Guy Maddin's Docu-Fantastia: 'My Winnipeg'

A scene from My Winnipeg
Courtesy of IFC Films
|
|
I am curious about the repeated image of the mother's lap superimposed over the confluence of rail and river lines, depicting Winnipeg as this magnetic pole that you cannot escape from. In some ways it reminded me of Bruce Chatwin's The Songlines, as you seem to be meditating on the power of lines crossing the earth.
Oh yeah, great. I don't know here it came from. When I wrote the narration, it was improvised verbally in front of a microphone. I found myself mentioning "the lap, the forks, the fur." It sounded rhythmically pleasing to me and then I realized I'd have to come up for some sort of visual equivalent to that. I just showed the movie to my mother for the first time. I am a grown-up. I can do whatever I want. For once in my life I was able to focus the camera and so pubic hair is visible. I managed to distract [my mother] whenever that lap came on [screen]. But that giant close-up of the vagina does appear on screen often.
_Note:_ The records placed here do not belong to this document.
lemma positive_variation_nonneg:
  assumes "ba A mu" shows "0 \<le> positive_variation mu E"
  using positive_variation_ge[OF assms, of "{}" E] fa_empty[OF ba_fin_additive[OF assms]] by simp

lemma positive_variation_fin_additive:
  assumes ba: "ba A mu"
  shows "fin_additive A (positive_variation mu)"
  unfolding fin_additive_def
proof (intro ballI impI)
  fix E1 E2 assume E: "E1 \<in> A" "E2 \<in> A" "E1 \<inter> E2 = {}"
  have fa: "fin_additive A mu" using ba by (rule ba_fin_additive)
  show "positive_variation mu (E1 \<union> E2) = positive_variation mu E1 + positive_variation mu E2"
  proof (rule order_antisym)
    show "positive_variation mu (E1 \<union> E2) \<le> positive_variation mu E1 + positive_variation mu E2"
    proof (rule positive_variation_le)
      fix F assume F: "F \<in> A" "F \<subseteq> E1 \<union> E2"
      have "F - E1 = F \<inter> E2" using F(2) E(3) by blast
      then have "mu F = mu (F \<inter> E1) + mu (F \<inter> E2)" using fa_split[OF fa F(1) E(1)] by simp
      also have "\<dots> \<le> positive_variation mu E1 + positive_variation mu E2"
        using F E by (intro add_mono positive_variation_ge[OF ba]) auto
      finally show "mu F \<le> positive_variation mu E1 + positive_variation mu E2" .
    qed
    show "positive_variation mu E1 + positive_variation mu E2 \<le> positive_variation mu (E1 \<union> E2)"
      unfolding positive_variation_def[of mu E1] positive_variation_def[of mu E2]
    proof (rule cSup_add_le)
      fix a b assume "a \<in> {mu F |F. F \<in> A \<and> F \<subseteq> E1}" "b \<in> {mu F |F. F \<in> A \<and> F \<subseteq> E2}"
      then obtain F1 F2 where F: "a = mu F1" "F1 \<in> A" "F1 \<subseteq> E1" "b = mu F2" "F2 \<in> A" "F2 \<subseteq> E2"
        by blast
      have "F1 \<inter> F2 = {}" using F(3,6) E(3) by blast
      then have "a + b = mu (F1 \<union> F2)" using fin_additiveD[OF fa F(2) F(5)] F(1,4) by simp
      also have "\<dots> \<le> positive_variation mu (E1 \<union> E2)"
        using F by (intro positive_variation_ge[OF ba]) auto
      finally show "a + b \<le> positive_variation mu (E1 \<union> E2)" .
    qed blast+
  qed
qed

lemma positive_variation_ba:
  assumes ba: "ba A mu"
  shows "ba A (positive_variation mu)"
proof -
  obtain K where K: "\<forall>a\<in>A. \<bar>mu a\<bar> \<le> K" using ba unfolding ba_def bdd_setfun_def by blast
  have "positive_variation mu E \<le> K" for E by (rule positive_variation_le) (use K in auto)
  then have "\<forall>a\<in>A. \<bar>positive_variation mu a\<bar> \<le> K"
    using positive_variation_nonneg[OF ba] by simp
  then show ?thesis
    unfolding ba_def bdd_setfun_def using positive_variation_fin_additive[OF ba] by blast
qed

lemma positive_variation_of_positive:
  assumes ba: "ba A mu" and pos: "positive_setfun A mu" and E: "E \<in> A"
  shows "positive_variation mu E = mu E"
proof (rule order_antisym)
  show "positive_variation mu E \<le> mu E"
    by (rule positive_variation_le) (use positive_mono[OF ba_fin_additive[OF ba] pos _ E] in auto)
  show "mu E \<le> positive_variation mu E" using positive_variation_ge[OF ba E] by simp
qed

text \<open>The positive variation of a countably additive set function is countably additive:
  on a disjoint union it is at most the sum of the pieces by countable additivity of \<open>mu\<close>,
  and at least that sum by finite additivity and positivity.\<close>
lemma positive_variation_ca:
  assumes ba: "ba A mu" and ca: "countably_additive_setfun A mu"
  shows "countably_additive_setfun A (positive_variation mu)"
  unfolding countably_additive_setfun_def
proof (intro allI impI)
  fix F :: "nat \<Rightarrow> 'a set" assume F: "range F \<subseteq> A" "disjoint_family F" and U: "(\<Union>n. F n) \<in> A"
  let ?U = "\<Union>n. F n" and ?P = "positive_variation mu"
  have faP: "fin_additive A ?P" using ba by (rule positive_variation_fin_additive)
  have posP: "positive_setfun A ?P"
    unfolding positive_setfun_def using positive_variation_nonneg[OF ba] by blast
  have partial: "(\<Sum>i<N. ?P (F i)) \<le> ?P ?U" for N
  proof -
    have "(\<Union>i<N. F i) \<in> A" using F(1) by (intro finite_UN) auto
    then have "?P (\<Union>i<N. F i) \<le> ?P ?U" by (intro positive_mono[OF faP posP _ U]) auto
    then show ?thesis using fa_UN_lessThan[OF faP F] by simp
  qed
  have summ: "summable (\<lambda>n. ?P (F n))"
    by (rule summableI_nonneg_bounded[OF positive_variation_nonneg[OF ba] partial])
  have "?P ?U \<le> (\<Sum>n. ?P (F n))"
  proof (rule positive_variation_le)
    fix G assume G: "G \<in> A" "G \<subseteq> ?U"
    have GF: "range (\<lambda>n. G \<inter> F n) \<subseteq> A" using F(1) G(1) by auto
    have "disjoint_family (\<lambda>n. G \<inter> F n)" using F(2) unfolding disjoint_family_on_def by auto
    moreover have "(\<Union>n. G \<inter> F n) = G" using G(2) by auto
    ultimately have s: "(\<lambda>n. mu (G \<inter> F n)) sums mu G"
      using ca GF G(1) unfolding countably_additive_setfun_def by metis
    have "mu (G \<inter> F n) \<le> ?P (F n)" for n using GF by (intro positive_variation_ge[OF ba]) auto
    then show "mu G \<le> (\<Sum>n. ?P (F n))"
      using s summ by (metis sums_unique sums_summable suminf_le)
  qed
  then show "(\<lambda>n. ?P (F n)) sums ?P ?U"
    using summ suminf_le_const[OF summ partial] by (simp add: sums_iff)
qed

lemma jordan_decomposition:
  assumes ba: "ba A lam"
  obtains P N where "ba A P" "ba A N" "positive_setfun A P" "positive_setfun A N"
    "\<And>E. E \<in> A \<Longrightarrow> lam E = P E - N E"
    "positive_setfun A lam \<Longrightarrow> \<forall>E\<in>A. N E = 0"
    "countably_additive_setfun A lam \<Longrightarrow>
       countably_additive_setfun A P \<and> countably_additive_setfun A N"
proof
  let ?P = "positive_variation lam"
  show "ba A ?P" using ba by (rule positive_variation_ba)
  then show "ba A (\<lambda>E. ?P E - lam E)" using ba by (rule ba_diff)
  show "positive_setfun A ?P"
    unfolding positive_setfun_def using positive_variation_nonneg[OF ba] by blast
  show "positive_setfun A (\<lambda>E. ?P E - lam E)"
    unfolding positive_setfun_def using positive_variation_ge[OF ba] by auto
  show "lam E = ?P E - (?P E - lam E)" for E by simp
  show "positive_setfun A lam \<Longrightarrow> \<forall>E\<in>A. ?P E - lam E = 0"
    using positive_variation_of_positive[OF ba] by simp
  show "countably_additive_setfun A lam \<Longrightarrow>
      countably_additive_setfun A ?P \<and> countably_additive_setfun A (\<lambda>E. ?P E - lam E)"
    using positive_variation_ca[OF ba] ca_diff by blast
qed

end

locale convex_combination = set_algebra +
  fixes \<alpha> :: "nat \<Rightarrow> real" and mus :: "nat \<Rightarrow> 'a set \<Rightarrow> real"
  assumes ba_mus: "\<And>n. ba A (mus n)" and \<alpha>_nonneg: "\<And>n. 0 \<le> \<alpha> n" and \<alpha>_sums: "\<alpha> sums 1"
begin

definition weighted :: "nat \<Rightarrow> 'a set \<Rightarrow> real" where
  "weighted n E = \<alpha> n * (tv A (mus n) E / max 1 (ba_norm \<Omega> A (mus n)))"

definition comb :: "'a set \<Rightarrow> real" where
  "comb E = (\<Sum>n. weighted n E)"

lemma \<alpha>_summable: "summable \<alpha>"
  using \<alpha>_sums by (simp add: sums_iff)

lemma \<alpha>_le_1: "\<alpha> n \<le> 1"
  using sum_le_suminf[OF \<alpha>_summable, of "{n}"] \<alpha>_nonneg \<alpha>_sums by (simp add: sums_iff)

lemma weighted_bounds:
  assumes E: "E \<in> A"
  shows "0 \<le> weighted n E" "weighted n E \<le> \<alpha> n" "weighted n E \<le> tv A (mus n) E"
proof -
  let ?t = "tv A (mus n) E" and ?c = "max 1 (ba_norm \<Omega> A (mus n))"
  have t: "0 \<le> ?t" "?t \<le> ?c"
    using tv_nonneg[OF ba_mus, of n E] tv_le_norm[OF ba_mus E, of n] by (auto simp: le_max_iff_disj)
  have c: "1 \<le> ?c" by simp
  have q0: "0 \<le> ?t / ?c" using t c by simp
  have q1: "?t / ?c \<le> 1" using t c by simp
  have "?t / ?c \<le> ?t / 1" using t c by (intro divide_left_mono) auto
  then have q2: "?t / ?c \<le> ?t" by simp
  show "0 \<le> weighted n E" unfolding weighted_def using mult_nonneg_nonneg[OF \<alpha>_nonneg q0] .
  show "weighted n E \<le> \<alpha> n" unfolding weighted_def using mult_left_le[OF q1 \<alpha>_nonneg] .
  have "weighted n E \<le> 1 * (?t / ?c)"
    unfolding weighted_def using \<alpha>_le_1 q0 by (intro mult_right_mono) auto
  then show "weighted n E \<le> ?t" using q2 by simp
qed

lemma summable_weighted: "E \<in> A \<Longrightarrow> summable (\<lambda>n. weighted n E)"
  by (rule summable_comparison_test[OF _ \<alpha>_summable]) (use weighted_bounds in auto)

lemma weighted_le_comb: "E \<in> A \<Longrightarrow> weighted n E \<le> comb E"
  unfolding comb_def
  using sum_le_suminf[OF summable_weighted, of E "{n}"] weighted_bounds by auto

lemma comb_nonneg: "E \<in> A \<Longrightarrow> 0 \<le> comb E"
  unfolding comb_def using summable_weighted weighted_bounds by (simp add: suminf_nonneg)

lemma comb_le_1: "E \<in> A \<Longrightarrow> comb E \<le> 1"
  unfolding comb_def
  using suminf_le[OF _ summable_weighted \<alpha>_summable] weighted_bounds \<alpha>_sums by (auto simp: sums_iff)

lemma comb_ba: "ba A comb"
proof -
  have "fin_additive A comb" unfolding fin_additive_def
  proof (intro ballI impI)
    fix E1 E2 assume E: "E1 \<in> A" "E2 \<in> A" "E1 \<inter> E2 = {}"
    have "weighted n (E1 \<union> E2) = weighted n E1 + weighted n E2" for n
      unfolding weighted_def using tv_additive[OF ba_mus E] by (simp add: add_divide_distrib distrib_left)
    then show "comb (E1 \<union> E2) = comb E1 + comb E2"
      unfolding comb_def using suminf_add[OF summable_weighted[OF E(1)] summable_weighted[OF E(2)]] by simp
  qed
  moreover have "\<forall>E\<in>A. \<bar>comb E\<bar> \<le> 1" using comb_nonneg comb_le_1 by simp
  ultimately show ?thesis unfolding ba_def bdd_setfun_def by blast
qed

lemma comb_positive: "positive_setfun A comb"
  unfolding positive_setfun_def using comb_nonneg by blast

lemma tv_comb: "E \<in> A \<Longrightarrow> tv A comb E = comb E"
  by (rule tv_positive[OF comb_ba comb_positive])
In all of your films, you go back to family and you also cover a lot of sexual taboos. And once again you reintroduce your family here, and you touch on some homoerotic memories from when you were a kid. These are things many would be reticent to bring up in a documentary about their city. How does your family and do you feel now after having exposed this?
I don't expect anyone to care about my sexual thoughts and you run the risk of making people sick by talking about them, but we are sexual beings [from] the earliest of ages, and if you are talking about a home and what matters to your home and what happens in it and what happens in the privacy of a shelter, you are going to have to talk about that stuff. As far as the lap goes, I just noticed that a map of the forks of Winnipeg just looked like a lap, and we all come from laps. It just seemed to make sense: my mom's lap. The hardest part was just getting her drunk enough to get her to take her girdle off... [laughs wryly]
Speaking of the mother figure, where did you find Ann Savage?
Except for cameo as a non-speaking nun in a movie, she hadn't spoken a line of dialogue since 1955. But I felt that she was the only person to play my mother when it became apparent that I would rather not put my mom through this because she is 92. So I lamented to a friend of mine who lives and works in Hollywood, "If only Ann Savage was still with us, because she is the only person who can play my mother in this project." I remembered her from the film Detour. She is literally the most ferocious femme fatale in film noir history. She is just so... savage. And I just thought, this is the only force of nature that even comes close to her Canadian counterpart, my mother. If only she was still around to play my mother, then I would be set. And this guy I was talking to said, "Ann Savage was just at my wedding! I have got her phone number and you can just call her up." So I started a lengthy seduction process where I lured her out of retirement. She had been asked to do a number of film appearances in scripts [but they] reminded her too much of Detour. This was the first time where she had been offered a script that had nothing to do with Detour so she was very flattered and excited about taking on a role that had something to do with her age now.